Balancing Innovation with Responsibility

My perspective on transparency differs from the prevailing view. I believe we will always lag behind in achieving full transparency due to the complexity of AI models. While tools are being developed to improve transparency, true understanding is elusive because of the sheer magnitude of these models. For example, OpenAI’s GPT-3 has 175 billion parameters, which is beyond human comprehension. People will need to learn how to trust AI models just like other humans. However, data privacy, security and ethical AI can be managed with a wide array of available tools but cannot be guaranteed.

Exciting Technologies on The Horizon

We are particularly excited about Agentic AI, especially systems that can reason and are persistent. These AIs can operate autonomously to achieve specific goals and maintain functionality over extended periods. They learn, adapt and improve without frequent human intervention, which is crucial for maintaining deployed AI systems.

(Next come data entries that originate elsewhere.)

theorem arc_avg_mul_arc_avg_inverse_le:
  fixes w :: "real \<Rightarrow> real"
  assumes "\<And>x. 0 \<le> w x" "bmo_on w a b t" "bmo_on (\<lambda>x. inverse (w x)) a b s" "a < b"
  shows "arc_avg w a b * arc_avg (\<lambda>x. inverse (w x)) a b \<le> 1 + 96 * t * s"
proof (rule tendsto_upperbound)
  let ?f = "\<lambda>x. inverse (w x)"
  have w: "loc_integrable w" and f: "loc_integrable ?f"
    using assms(2,3) by (auto intro: bmo_on.integrable)
  have f_nonneg: "0 \<le> ?f x" for x using assms(1)[of x] by simp
  have avg_min: "(\<lambda>n. arc_avg (\<lambda>x. min (g x) (real n)) a b) \<longlonglongrightarrow> arc_avg g a b"
    if "loc_integrable g" "\<And>x. 0 \<le> g x" for g
    using tendsto_divide[OF Icc_integral_min_tendsto[OF that] tendsto_const, of "b - a"] \<open>a < b\<close>
    by (simp add: arc_avg_eq)
  show "(\<lambda>n. arc_avg (\<lambda>x. min (w x) (real n)) a b * arc_avg (\<lambda>x. min (?f x) (real n)) a b)
      \<longlonglongrightarrow> arc_avg w a b * arc_avg ?f a b"
    by (intro tendsto_mult avg_min w f assms(1) f_nonneg)
  have "arc_avg (\<lambda>x. min (w x) (real n)) a b * arc_avg (\<lambda>x. min (?f x) (real n)) a b
      \<le> 1 + 24 * (2 * t) * (2 * s)" for n
  proof (rule arc_avg_mul_le_bmo[where N="real n"])
    show "bmo_on (\<lambda>x. min (w x) (real n)) a b (2 * t)" "bmo_on (\<lambda>x. min (?f x) (real n)) a b (2 * s)"
      using assms(2,3) by (auto intro: bmo_on.bmo_on_min)
    show "(\<lambda>x. min (w x) (real n)) \<in> borel_measurable borel"
      "(\<lambda>x. min (?f x) (real n)) \<in> borel_measurable borel"
      using loc_integrable_borel_measurable[OF w] loc_integrable_borel_measurable[OF f] by measurable
    show "\<bar>min (w x) (real n)\<bar> \<le> real n" "\<bar>min (?f x) (real n)\<bar> \<le> real n" for x
      using assms(1)[of x] f_nonneg[of x] by auto
    show "min (w x) (real n) * min (?f x) (real n) \<le> 1" for x
    proof -
      have "min (w x) (real n) * min (?f x) (real n) \<le> w x * ?f x"
        using assms(1)[of x] f_nonneg[of x] by (intro mult_mono) auto
      also have "\<dots> \<le> 1" by (cases "w x = 0") simp_all
      finally show ?thesis .
    qed
  qed (rule \<open>a < b\<close>)
  then show "\<forall>\<^sub>F n in sequentially. arc_avg (\<lambda>x. min (w x) (real n)) a b
      * arc_avg (\<lambda>x. min (?f x) (real n)) a b \<le> 1 + 96 * t * s"
    by (simp add: mult.assoc)
qed simp
lemma radial_solution_log_system:
  fixes V :: "real^'n \<Rightarrow> real" and v :: "real \<Rightarrow> real" and m \<beta> :: real
  defines "n \<equiv> real CARD('n)" and "q \<equiv> m / (1 - m)"
  assumes "CARD('n) \<ge> 3" and "0 < m" and "m < (n - 2) / n" and "\<beta> > 0"
    and radial: "\<And>x. V x = v (norm x)" and pos: "\<And>x. V x > 0"
    and sol: "classical_sol m \<beta> V"
  shows "\<exists>g s\<^sub>0. log_system (\<lambda>s. exp s ^ 2 * v (exp s) powr (1 - m)) g
                   (n - 2 - 4 * q) q (\<beta> / (n - 1)) s\<^sub>0"
proof -
  have "n \<ge> 3" using assms(3) unfolding n_def by simp
  note exponent = exponent_range[OF \<open>n \<ge> 3\<close> \<open>m < (n - 2) / n\<close>]
  have "m < 1" by (fact exponent(2))
  obtain v' p p' where
    ode: "\<And>t. t > 0 \<Longrightarrow> (v has_real_derivative v' t) (at t) \<and>
      ((\<lambda>t. v t powr m) has_real_derivative p t) (at t) \<and> (p has_real_derivative p' t) (at t) \<and>
      (n - 1) / m * (p' t + (n - 1) * p t / t) + 2 * \<beta> / (1 - m) * v t + \<beta> * (t * v' t) = 0"
    and p_small: "((\<lambda>t. t * p t / v t powr m) \<longlongrightarrow> 0) (at_right 0)"
    using radial_profile_ode[OF radial pos sol] unfolding n_def by blast
  have v_pos: "0 < v t" if "0 < t" for t
    using pos[of "t *\<^sub>R axis undefined 1"] radial[of "t *\<^sub>R axis undefined 1"] that
    by (simp add: norm_scaleR)
  define w where "w s = exp s ^ 2 * v (exp s) powr (1 - m)" for s
  define g where "g s = 2 + (1 - m) / m * (exp s * p (exp s) / v (exp s) powr m)" for s
  have "n - 1 > 0" using \<open>n \<ge> 3\<close> by simp
  have v_deriv: "\<And>t. 0 < t \<Longrightarrow> (v has_real_derivative v' t) (at t)"
    and u_deriv: "\<And>t. 0 < t \<Longrightarrow> ((\<lambda>t. v t powr m) has_real_derivative p t) (at t)"
    and p_deriv: "\<And>t. 0 < t \<Longrightarrow> (p has_real_derivative p' t) (at t)"
    and ode': "\<And>t. 0 < t \<Longrightarrow>
      (n - 1) / m * (p' t + (n - 1) * p t / t) + 2 * \<beta> / (1 - m) * v t + \<beta> * (t * v' t) = 0"
    using ode by blast+
  note derivs =
    log_variables_system[OF \<open>0 < m\<close> \<open>m < 1\<close> \<open>n - 1 > 0\<close> v_pos v_deriv u_deriv p_deriv ode']
  have "q > 0" unfolding q_def using \<open>0 < m\<close> \<open>m < 1\<close> by simp
  obtain t\<^sub>0 where "t\<^sub>0 > 0" and "\<bar>t\<^sub>0 * p t\<^sub>0 / v t\<^sub>0 powr m\<bar> < 2 * q"
  proof -
    have "eventually (\<lambda>t. 0 < t \<and> \<bar>t * p t / v t powr m\<bar> < 2 * q) (at_right 0)"
      using eventually_conj[OF eventually_at_right_less tendstoD[OF p_small]] \<open>q > 0\<close>
      by (simp add: dist_real_def)
    hence "\<exists>t. 0 < t \<and> \<bar>t * p t / v t powr m\<bar> < 2 * q"
      using eventually_happens trivial_limit_at_right_real by blast
    thus ?thesis using that by blast
  qed
  have "log_system w g (n - 2 - 4 * q) q (\<beta> / (n - 1)) (ln t\<^sub>0)"
  proof unfold_locales
    show "\<beta> / (n - 1) > 0" using \<open>\<beta> > 0\<close> \<open>n - 1 > 0\<close> by simp
    show "q > 0" by fact
    have "q * (1 - m) = m" unfolding q_def using \<open>m < 1\<close> by simp
    hence "(n - 2 - 4 * q + 2 * q) * (1 - m) = n - 2 - n * m"
      by (simp add: algebra_simps)
    hence "0 < (n - 2 - 4 * q + 2 * q) * (1 - m)" using exponent(1) by simp
    thus "n - 2 - 4 * q + 2 * q > 0" using \<open>m < 1\<close> by (simp add: zero_less_mult_iff)
    show "w s > 0" for s unfolding w_def using v_pos[of "exp s"] by simp
    show "(w has_real_derivative g s * w s) (at s)" for s
      using derivs(1) unfolding w_def[abs_def] g_def[abs_def] .
    have "n - 1 - 1 - 4 * q = n - 2 - 4 * q" by simp
    thus "(g has_real_derivative 2 * (n - 2 - 4 * q) + 4 * q - (n - 2 - 4 * q) * g s
            - q * (g s)\<^sup>2 - \<beta> / (n - 1) * g s * w s) (at s)" for s
      using derivs(2) unfolding w_def[abs_def] g_def[abs_def] q_def by simp
    have "- 2 * q < t\<^sub>0 * p t\<^sub>0 / v t\<^sub>0 powr m"
      using \<open>\<bar>t\<^sub>0 * p t\<^sub>0 / v t\<^sub>0 powr m\<bar> < 2 * q\<close> unfolding abs_less_iff by linarith
    hence "(1 - m) / m * (- 2 * q) < (1 - m) / m * (t\<^sub>0 * p t\<^sub>0 / v t\<^sub>0 powr m)"
      using \<open>0 < m\<close> \<open>m < 1\<close> by (intro mult_strict_left_mono) auto
    moreover have "(1 - m) / m * (- 2 * q) = - 2"
      unfolding q_def using \<open>0 < m\<close> \<open>m < 1\<close> by (simp add: field_simps)
    ultimately show "g (ln t\<^sub>0) > 0" unfolding g_def using \<open>t\<^sub>0 > 0\<close> by simp
  qed
  thus ?thesis unfolding w_def[abs_def] by blast
qed

lemma radial_system_constants:
  fixes n m \<beta> :: real
  defines "q \<equiv> m / (1 - m)" and "\<kappa> \<equiv> \<beta> / (n - 1)"
  assumes "3 \<le> n" and "m < (n - 2) / n" and "\<beta> > 0"
    and sys: "log_system w g (n - 2 - 4 * q) q \<kappa> s\<^sub>0"
  shows "log_system.slope (n - 2 - 4 * q) q \<kappa> = 2 * (n - 1) * (n - 2 - n * m) / ((1 - m) * \<beta>)"
      (is "?a = _")
    and "log_system.log_coeff (n - 2 - 4 * q) \<kappa> = (n - 1) * (n - 2 - (n + 2) * m) / ((1 - m) * \<beta>)"
      (is "?b = _")
    and "(log_system.log_coeff (n - 2 - 4 * q) \<kappa>)\<^sup>2 / log_system.slope (n - 2 - 4 * q) q \<kappa>
           = (n - 1) * (n - 2 - (n + 2) * m)\<^sup>2 / (2 * (n - 2 - n * m) * (1 - m) * \<beta>)"
proof -
  note exponent = exponent_range[OF \<open>3 \<le> n\<close> \<open>m < (n - 2) / n\<close>]
  define j where "j = 1 - m"
  have "j > 0" unfolding j_def using exponent(2) by simp
  have q: "q = m / j" unfolding q_def j_def ..
  have "?a = 2 * (n - 1) * ((n - 2) * j - 2 * m) / (j * \<beta>)"
    unfolding log_system.slope_def[OF sys] log_system.A_def[OF sys] unfolding \<kappa>_def q
    using \<open>j > 0\<close> \<open>3 \<le> n\<close> \<open>\<beta> > 0\<close> by (simp add: field_simps)
  also have "(n - 2) * j - 2 * m = n - 2 - n * m" unfolding j_def by (simp add: algebra_simps)
  finally show a: "?a = 2 * (n - 1) * (n - 2 - n * m) / ((1 - m) * \<beta>)" by (simp add: j_def)
  have "?b = (n - 1) * ((n - 2) * j - 4 * m) / (j * \<beta>)"
    unfolding log_system.log_coeff_def[OF sys] unfolding \<kappa>_def q
    using \<open>j > 0\<close> \<open>3 \<le> n\<close> \<open>\<beta> > 0\<close> by (simp add: field_simps)
  also have "(n - 2) * j - 4 * m = n - 2 - (n + 2) * m" unfolding j_def by (simp add: algebra_simps)
  finally show b: "?b = (n - 1) * (n - 2 - (n + 2) * m) / ((1 - m) * \<beta>)" by (simp add: j_def)
  have frac: "\<And>X Y Z W b :: real. X \<noteq> 0 \<Longrightarrow> Y \<noteq> 0 \<Longrightarrow> Z \<noteq> 0 \<Longrightarrow> b \<noteq> 0 \<Longrightarrow>
     (X * W / (Z * b))\<^sup>2 / (2 * X * Y / (Z * b)) = X * W\<^sup>2 / (2 * Y * Z * b)"
    by (simp add: field_simps power2_eq_square)
  show "?b\<^sup>2 / ?a = (n - 1) * (n - 2 - (n + 2) * m)\<^sup>2 / (2 * (n - 2 - n * m) * (1 - m) * \<beta>)"
    unfolding a b using exponent \<open>3 \<le> n\<close> \<open>\<beta> > 0\<close> by (intro frac) auto
qed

In the near future, personal chatbots will become ubiquitous, knowing users better than they know themselves. This data explosion will necessitate significant advancements in networking and computing capacity, driving innovation, particularly in quantum computing. Quantum computing will likely become the cornerstone of future AIs, presenting new challenges.

Technology leaders must stay abreast of the latest developments in AI and quantum computing and continually evaluate how to integrate them into their enterprises. This vigilance is more critical now than ever and will remain so for the foreseeable future.